Exercise: Search the records that follow and extract every line containing the string "fmono".

(Exercise inputs begins)

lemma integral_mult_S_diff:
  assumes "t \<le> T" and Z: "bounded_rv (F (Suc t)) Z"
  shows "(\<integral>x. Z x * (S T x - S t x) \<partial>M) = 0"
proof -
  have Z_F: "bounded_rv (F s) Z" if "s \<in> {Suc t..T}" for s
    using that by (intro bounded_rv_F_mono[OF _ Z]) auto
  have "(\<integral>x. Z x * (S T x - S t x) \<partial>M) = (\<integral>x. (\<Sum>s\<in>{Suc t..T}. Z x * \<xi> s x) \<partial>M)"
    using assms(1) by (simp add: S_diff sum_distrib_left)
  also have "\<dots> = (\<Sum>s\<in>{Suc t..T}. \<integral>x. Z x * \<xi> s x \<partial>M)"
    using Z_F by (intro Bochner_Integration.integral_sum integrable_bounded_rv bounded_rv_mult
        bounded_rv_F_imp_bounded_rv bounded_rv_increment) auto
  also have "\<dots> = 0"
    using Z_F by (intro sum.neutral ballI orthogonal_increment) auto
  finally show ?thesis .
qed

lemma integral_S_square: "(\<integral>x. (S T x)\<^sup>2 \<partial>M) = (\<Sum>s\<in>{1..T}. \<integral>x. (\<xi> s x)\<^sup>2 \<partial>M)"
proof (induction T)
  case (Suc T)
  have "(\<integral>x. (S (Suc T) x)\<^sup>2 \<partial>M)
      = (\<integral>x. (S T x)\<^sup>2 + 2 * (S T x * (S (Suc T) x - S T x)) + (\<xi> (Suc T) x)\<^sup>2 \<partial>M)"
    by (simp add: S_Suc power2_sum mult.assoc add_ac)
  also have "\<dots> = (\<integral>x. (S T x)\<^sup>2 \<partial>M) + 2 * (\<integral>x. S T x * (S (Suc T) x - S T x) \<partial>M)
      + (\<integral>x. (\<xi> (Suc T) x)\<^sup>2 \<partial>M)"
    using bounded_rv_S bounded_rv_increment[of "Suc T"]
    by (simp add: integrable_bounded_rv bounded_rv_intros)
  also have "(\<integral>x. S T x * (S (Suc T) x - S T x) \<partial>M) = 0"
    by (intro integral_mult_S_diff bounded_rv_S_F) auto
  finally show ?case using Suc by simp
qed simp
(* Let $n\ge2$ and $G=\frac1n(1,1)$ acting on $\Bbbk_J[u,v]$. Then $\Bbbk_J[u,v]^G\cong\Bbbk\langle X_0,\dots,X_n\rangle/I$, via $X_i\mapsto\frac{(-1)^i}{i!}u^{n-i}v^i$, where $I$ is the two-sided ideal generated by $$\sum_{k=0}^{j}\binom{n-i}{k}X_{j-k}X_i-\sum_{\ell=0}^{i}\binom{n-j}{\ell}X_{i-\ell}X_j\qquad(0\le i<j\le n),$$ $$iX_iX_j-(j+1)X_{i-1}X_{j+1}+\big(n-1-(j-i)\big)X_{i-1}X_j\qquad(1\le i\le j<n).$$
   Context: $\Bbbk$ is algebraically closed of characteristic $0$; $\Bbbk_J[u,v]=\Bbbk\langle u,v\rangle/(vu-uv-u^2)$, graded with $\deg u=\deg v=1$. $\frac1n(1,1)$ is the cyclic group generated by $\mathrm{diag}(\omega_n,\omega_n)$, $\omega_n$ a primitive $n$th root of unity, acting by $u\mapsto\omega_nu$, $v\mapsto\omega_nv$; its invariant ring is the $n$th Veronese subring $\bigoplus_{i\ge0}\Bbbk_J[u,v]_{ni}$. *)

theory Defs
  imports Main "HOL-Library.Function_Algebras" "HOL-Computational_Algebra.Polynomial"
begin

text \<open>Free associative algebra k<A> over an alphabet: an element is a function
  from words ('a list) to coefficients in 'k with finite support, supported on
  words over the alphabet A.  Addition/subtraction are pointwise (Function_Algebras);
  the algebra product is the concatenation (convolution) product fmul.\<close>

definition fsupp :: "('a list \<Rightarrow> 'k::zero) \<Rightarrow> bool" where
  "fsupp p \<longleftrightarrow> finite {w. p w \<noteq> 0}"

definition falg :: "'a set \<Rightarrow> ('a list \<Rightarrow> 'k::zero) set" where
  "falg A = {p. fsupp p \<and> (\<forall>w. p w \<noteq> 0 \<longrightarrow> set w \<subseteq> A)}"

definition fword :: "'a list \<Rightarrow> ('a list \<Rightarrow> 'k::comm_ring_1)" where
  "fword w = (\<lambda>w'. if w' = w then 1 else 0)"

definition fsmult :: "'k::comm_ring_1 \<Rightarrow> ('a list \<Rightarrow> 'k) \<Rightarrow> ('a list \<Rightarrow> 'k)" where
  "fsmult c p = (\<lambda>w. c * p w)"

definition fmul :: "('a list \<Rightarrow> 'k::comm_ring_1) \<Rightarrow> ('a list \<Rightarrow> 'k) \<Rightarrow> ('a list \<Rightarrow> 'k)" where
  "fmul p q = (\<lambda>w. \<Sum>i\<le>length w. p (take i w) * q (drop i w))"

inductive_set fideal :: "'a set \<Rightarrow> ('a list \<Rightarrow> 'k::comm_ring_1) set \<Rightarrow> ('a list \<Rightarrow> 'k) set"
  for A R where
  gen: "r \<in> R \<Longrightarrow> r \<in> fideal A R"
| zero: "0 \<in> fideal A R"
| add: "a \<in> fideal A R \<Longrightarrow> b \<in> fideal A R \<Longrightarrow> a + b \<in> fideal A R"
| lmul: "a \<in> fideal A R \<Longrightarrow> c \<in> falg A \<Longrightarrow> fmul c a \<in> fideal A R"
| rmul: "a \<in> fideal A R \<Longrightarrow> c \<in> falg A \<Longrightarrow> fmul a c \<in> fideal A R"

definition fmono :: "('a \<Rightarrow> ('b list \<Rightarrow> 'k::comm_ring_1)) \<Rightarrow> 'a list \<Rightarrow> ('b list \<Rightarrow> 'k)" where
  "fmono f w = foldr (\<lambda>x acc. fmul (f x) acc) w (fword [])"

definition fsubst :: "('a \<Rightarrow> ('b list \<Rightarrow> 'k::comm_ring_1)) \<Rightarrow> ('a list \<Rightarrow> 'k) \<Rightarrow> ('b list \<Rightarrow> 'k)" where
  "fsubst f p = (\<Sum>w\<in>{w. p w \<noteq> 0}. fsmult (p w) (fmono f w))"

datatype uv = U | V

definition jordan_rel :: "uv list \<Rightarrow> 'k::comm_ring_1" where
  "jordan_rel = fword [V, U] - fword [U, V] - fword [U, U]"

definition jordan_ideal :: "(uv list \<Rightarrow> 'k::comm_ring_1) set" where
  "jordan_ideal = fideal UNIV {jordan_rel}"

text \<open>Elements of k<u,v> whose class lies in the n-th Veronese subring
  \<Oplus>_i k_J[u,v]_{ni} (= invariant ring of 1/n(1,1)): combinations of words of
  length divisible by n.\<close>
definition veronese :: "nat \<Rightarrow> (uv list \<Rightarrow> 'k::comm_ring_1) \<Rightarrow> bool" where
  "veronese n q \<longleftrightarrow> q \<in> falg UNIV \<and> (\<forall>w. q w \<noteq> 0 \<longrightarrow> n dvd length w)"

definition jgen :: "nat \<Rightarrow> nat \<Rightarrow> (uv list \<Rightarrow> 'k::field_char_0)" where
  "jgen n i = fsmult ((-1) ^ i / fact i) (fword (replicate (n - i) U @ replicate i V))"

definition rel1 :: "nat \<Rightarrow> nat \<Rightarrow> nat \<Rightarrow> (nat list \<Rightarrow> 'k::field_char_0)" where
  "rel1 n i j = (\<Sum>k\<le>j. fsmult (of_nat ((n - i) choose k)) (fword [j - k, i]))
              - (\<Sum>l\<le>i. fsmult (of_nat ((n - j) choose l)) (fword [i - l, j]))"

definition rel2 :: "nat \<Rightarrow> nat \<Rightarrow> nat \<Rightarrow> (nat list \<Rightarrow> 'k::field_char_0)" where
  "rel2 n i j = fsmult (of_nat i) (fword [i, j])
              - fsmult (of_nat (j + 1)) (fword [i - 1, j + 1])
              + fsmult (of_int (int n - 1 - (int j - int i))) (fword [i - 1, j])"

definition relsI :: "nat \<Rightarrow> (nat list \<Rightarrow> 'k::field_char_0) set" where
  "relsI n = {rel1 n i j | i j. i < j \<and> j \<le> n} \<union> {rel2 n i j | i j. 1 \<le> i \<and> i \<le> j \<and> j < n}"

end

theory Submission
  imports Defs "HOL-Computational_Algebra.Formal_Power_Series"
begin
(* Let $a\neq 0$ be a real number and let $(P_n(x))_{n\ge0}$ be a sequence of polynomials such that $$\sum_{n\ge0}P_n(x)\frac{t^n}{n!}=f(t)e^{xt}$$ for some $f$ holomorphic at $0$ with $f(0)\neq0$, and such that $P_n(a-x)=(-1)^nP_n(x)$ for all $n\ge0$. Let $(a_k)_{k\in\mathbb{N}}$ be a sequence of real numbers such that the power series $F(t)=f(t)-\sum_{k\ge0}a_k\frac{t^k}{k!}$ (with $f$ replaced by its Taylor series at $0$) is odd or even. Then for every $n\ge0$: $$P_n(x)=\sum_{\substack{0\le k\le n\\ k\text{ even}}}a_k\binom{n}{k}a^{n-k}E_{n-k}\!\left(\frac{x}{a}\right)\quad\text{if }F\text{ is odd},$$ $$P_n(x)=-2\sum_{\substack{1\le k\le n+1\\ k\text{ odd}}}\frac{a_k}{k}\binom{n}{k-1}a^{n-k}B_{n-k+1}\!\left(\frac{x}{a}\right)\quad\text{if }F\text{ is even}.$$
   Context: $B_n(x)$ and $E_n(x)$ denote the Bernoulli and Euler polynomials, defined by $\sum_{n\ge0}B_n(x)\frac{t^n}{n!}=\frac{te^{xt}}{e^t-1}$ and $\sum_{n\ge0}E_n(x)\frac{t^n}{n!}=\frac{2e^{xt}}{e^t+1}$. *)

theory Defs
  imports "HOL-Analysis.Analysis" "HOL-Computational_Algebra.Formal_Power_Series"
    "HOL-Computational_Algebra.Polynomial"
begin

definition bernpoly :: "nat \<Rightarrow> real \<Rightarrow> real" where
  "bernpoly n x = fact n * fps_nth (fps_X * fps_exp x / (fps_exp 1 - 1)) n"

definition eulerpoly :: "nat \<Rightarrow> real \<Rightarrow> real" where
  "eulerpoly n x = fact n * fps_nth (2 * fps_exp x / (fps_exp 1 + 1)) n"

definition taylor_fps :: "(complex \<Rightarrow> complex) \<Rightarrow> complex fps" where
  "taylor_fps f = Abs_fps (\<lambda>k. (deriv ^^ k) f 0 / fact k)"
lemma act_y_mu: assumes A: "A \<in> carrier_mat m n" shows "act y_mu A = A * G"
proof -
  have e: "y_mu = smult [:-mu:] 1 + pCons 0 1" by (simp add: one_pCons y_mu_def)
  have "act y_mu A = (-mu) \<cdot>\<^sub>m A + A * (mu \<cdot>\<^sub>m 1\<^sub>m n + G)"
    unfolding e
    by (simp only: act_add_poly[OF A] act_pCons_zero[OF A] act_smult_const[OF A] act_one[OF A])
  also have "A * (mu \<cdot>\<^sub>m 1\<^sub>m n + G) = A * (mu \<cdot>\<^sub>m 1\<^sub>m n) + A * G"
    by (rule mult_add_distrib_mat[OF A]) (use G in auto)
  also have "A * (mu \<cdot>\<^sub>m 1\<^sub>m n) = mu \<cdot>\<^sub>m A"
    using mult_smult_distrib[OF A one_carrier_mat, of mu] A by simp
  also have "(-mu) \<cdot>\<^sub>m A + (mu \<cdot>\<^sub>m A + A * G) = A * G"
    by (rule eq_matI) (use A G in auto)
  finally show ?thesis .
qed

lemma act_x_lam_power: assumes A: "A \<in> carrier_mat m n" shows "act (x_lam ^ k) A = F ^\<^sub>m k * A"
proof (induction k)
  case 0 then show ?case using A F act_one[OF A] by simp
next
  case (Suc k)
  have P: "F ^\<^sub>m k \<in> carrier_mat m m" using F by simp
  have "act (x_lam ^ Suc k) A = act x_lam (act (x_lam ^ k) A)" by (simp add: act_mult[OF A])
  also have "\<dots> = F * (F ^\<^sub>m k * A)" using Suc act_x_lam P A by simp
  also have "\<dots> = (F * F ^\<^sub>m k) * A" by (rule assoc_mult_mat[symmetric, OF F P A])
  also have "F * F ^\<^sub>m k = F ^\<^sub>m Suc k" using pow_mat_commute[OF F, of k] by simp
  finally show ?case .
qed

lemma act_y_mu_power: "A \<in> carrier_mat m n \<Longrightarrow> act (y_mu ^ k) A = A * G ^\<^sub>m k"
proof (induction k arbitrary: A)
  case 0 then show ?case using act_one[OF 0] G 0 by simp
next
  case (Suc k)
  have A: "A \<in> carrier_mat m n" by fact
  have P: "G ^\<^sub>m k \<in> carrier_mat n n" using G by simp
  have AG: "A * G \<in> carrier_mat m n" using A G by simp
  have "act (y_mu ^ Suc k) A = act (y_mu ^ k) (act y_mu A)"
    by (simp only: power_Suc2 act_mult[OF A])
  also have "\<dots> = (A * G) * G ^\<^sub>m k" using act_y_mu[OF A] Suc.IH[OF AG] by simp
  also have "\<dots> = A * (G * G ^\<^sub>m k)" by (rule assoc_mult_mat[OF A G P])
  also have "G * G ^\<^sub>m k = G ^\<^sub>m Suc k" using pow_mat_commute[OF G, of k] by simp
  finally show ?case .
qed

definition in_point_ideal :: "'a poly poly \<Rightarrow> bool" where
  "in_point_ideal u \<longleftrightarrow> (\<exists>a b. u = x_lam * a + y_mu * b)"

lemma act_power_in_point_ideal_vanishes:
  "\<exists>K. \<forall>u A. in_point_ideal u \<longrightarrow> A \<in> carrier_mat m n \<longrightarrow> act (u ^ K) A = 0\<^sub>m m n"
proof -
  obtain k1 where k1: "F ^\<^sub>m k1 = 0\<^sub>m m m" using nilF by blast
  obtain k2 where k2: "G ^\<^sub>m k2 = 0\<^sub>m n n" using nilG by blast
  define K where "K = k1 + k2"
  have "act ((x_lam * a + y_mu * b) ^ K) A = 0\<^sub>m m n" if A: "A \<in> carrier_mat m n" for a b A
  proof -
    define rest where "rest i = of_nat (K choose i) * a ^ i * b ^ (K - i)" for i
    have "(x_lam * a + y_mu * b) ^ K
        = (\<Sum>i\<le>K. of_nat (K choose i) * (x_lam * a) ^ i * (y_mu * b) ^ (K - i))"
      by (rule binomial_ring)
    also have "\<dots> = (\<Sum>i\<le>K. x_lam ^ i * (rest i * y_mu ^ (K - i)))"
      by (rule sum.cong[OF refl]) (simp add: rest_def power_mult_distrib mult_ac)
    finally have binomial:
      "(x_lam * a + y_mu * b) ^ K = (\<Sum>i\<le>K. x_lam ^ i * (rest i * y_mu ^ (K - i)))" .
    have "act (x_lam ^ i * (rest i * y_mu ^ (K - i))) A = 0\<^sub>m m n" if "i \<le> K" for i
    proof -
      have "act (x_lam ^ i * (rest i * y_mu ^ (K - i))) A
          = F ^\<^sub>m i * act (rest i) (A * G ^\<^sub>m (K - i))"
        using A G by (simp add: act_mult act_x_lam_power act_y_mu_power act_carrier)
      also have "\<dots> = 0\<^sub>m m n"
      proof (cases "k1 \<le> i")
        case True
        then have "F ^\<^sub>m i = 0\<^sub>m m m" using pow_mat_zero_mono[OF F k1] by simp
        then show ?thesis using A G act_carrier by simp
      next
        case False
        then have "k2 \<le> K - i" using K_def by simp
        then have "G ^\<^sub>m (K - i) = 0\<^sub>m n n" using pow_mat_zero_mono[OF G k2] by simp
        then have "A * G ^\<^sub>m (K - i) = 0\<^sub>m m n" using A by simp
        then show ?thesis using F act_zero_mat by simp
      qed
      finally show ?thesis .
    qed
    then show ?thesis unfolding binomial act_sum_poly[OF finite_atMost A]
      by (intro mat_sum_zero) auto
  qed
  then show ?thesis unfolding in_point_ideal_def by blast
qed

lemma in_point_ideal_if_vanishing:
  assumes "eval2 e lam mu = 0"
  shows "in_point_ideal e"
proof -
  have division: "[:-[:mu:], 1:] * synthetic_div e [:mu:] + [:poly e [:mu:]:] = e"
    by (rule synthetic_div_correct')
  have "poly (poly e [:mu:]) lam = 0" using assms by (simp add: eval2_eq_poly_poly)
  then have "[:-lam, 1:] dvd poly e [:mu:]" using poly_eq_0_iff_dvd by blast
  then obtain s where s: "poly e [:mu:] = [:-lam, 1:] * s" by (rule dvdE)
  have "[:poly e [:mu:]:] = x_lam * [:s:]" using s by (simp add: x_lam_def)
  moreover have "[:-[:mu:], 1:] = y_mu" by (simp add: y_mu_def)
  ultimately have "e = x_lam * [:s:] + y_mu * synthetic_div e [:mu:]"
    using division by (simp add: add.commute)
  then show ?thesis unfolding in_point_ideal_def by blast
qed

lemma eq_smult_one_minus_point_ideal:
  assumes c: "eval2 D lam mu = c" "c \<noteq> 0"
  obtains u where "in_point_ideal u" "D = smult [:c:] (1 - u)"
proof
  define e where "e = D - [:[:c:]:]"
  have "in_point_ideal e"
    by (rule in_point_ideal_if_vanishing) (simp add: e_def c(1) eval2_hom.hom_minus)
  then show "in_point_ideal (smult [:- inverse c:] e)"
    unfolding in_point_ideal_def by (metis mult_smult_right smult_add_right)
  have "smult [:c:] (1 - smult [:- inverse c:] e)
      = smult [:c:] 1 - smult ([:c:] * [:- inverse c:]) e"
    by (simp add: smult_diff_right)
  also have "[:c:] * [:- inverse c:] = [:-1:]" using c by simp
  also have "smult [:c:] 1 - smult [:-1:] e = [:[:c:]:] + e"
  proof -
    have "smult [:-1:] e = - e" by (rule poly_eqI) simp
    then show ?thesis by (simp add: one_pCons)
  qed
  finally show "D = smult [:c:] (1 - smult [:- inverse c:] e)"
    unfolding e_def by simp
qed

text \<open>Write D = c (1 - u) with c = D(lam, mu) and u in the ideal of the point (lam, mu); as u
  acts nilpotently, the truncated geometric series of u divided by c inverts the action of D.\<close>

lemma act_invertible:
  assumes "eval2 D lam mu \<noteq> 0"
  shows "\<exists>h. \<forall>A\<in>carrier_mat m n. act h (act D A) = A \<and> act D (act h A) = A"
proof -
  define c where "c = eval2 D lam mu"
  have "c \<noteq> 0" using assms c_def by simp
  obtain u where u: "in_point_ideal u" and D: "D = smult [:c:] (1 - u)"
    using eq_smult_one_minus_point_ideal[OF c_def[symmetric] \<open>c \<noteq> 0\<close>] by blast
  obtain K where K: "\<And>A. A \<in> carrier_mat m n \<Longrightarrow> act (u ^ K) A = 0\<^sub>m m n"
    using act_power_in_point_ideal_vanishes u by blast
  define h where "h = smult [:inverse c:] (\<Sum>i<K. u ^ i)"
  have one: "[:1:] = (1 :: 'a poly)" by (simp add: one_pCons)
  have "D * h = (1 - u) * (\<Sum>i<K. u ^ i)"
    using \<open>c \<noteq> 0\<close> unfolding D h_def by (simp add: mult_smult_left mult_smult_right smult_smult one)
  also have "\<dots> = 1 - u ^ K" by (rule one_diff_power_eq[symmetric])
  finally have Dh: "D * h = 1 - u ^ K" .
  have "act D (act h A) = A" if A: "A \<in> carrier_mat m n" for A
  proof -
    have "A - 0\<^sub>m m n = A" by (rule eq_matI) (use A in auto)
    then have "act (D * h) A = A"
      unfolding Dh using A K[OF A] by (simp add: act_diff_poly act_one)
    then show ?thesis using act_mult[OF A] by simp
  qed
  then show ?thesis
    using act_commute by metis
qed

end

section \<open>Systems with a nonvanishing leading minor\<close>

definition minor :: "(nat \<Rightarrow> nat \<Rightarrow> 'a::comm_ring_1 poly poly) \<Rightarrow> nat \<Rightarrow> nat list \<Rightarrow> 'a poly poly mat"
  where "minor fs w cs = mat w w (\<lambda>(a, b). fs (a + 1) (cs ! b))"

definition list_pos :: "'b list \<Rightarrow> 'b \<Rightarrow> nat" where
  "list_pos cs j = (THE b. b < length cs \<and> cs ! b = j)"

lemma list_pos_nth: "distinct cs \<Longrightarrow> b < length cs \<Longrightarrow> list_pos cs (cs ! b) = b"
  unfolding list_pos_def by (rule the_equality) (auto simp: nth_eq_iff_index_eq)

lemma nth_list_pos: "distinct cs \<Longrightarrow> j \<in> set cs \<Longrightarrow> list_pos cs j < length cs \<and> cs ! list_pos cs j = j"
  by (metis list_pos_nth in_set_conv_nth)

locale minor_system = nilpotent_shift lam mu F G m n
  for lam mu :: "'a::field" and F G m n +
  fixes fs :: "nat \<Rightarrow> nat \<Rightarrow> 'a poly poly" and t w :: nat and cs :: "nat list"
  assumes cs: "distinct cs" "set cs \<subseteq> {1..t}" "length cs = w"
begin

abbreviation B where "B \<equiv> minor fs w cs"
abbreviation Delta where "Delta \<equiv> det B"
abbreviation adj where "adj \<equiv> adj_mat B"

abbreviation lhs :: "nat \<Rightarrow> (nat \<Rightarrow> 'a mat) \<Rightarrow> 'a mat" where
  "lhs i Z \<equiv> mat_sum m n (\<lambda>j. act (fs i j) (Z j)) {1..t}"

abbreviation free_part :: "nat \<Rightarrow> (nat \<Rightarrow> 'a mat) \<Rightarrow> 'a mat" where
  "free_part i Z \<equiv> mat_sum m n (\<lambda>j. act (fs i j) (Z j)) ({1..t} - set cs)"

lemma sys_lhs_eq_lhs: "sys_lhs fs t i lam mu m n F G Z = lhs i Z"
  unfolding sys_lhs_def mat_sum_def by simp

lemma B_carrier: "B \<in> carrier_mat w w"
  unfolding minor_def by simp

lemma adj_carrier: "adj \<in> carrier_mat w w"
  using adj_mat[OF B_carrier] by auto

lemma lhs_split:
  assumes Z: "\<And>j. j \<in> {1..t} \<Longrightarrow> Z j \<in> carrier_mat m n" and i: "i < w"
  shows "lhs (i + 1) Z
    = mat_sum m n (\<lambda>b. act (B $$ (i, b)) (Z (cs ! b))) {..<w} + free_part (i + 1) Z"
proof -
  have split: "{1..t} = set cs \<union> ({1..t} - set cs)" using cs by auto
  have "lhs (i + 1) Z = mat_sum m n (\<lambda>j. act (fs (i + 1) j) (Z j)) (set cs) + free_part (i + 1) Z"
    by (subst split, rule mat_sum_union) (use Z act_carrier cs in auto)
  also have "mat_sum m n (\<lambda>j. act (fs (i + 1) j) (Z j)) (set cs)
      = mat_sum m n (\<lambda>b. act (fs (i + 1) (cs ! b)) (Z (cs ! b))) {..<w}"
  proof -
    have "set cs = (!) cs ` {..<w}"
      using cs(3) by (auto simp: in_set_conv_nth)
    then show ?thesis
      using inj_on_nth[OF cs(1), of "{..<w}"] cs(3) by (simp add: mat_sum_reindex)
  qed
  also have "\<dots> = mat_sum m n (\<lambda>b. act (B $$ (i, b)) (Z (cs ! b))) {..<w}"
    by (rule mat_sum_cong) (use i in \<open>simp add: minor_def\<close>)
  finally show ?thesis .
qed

(Exercise inputs ends)

Finished exercise:
definition fmono :: "('a \<Rightarrow> ('b list \<Rightarrow> 'k::comm_ring_1)) \<Rightarrow> 'a list \<Rightarrow> ('b list \<Rightarrow> 'k)" where
  "fmono f w = foldr (\<lambda>x acc. fmul (f x) acc) w (fword [])"
  "fsubst f p = (\<Sum>w\<in>{w. p w \<noteq> 0}. fsmult (p w) (fmono f w))"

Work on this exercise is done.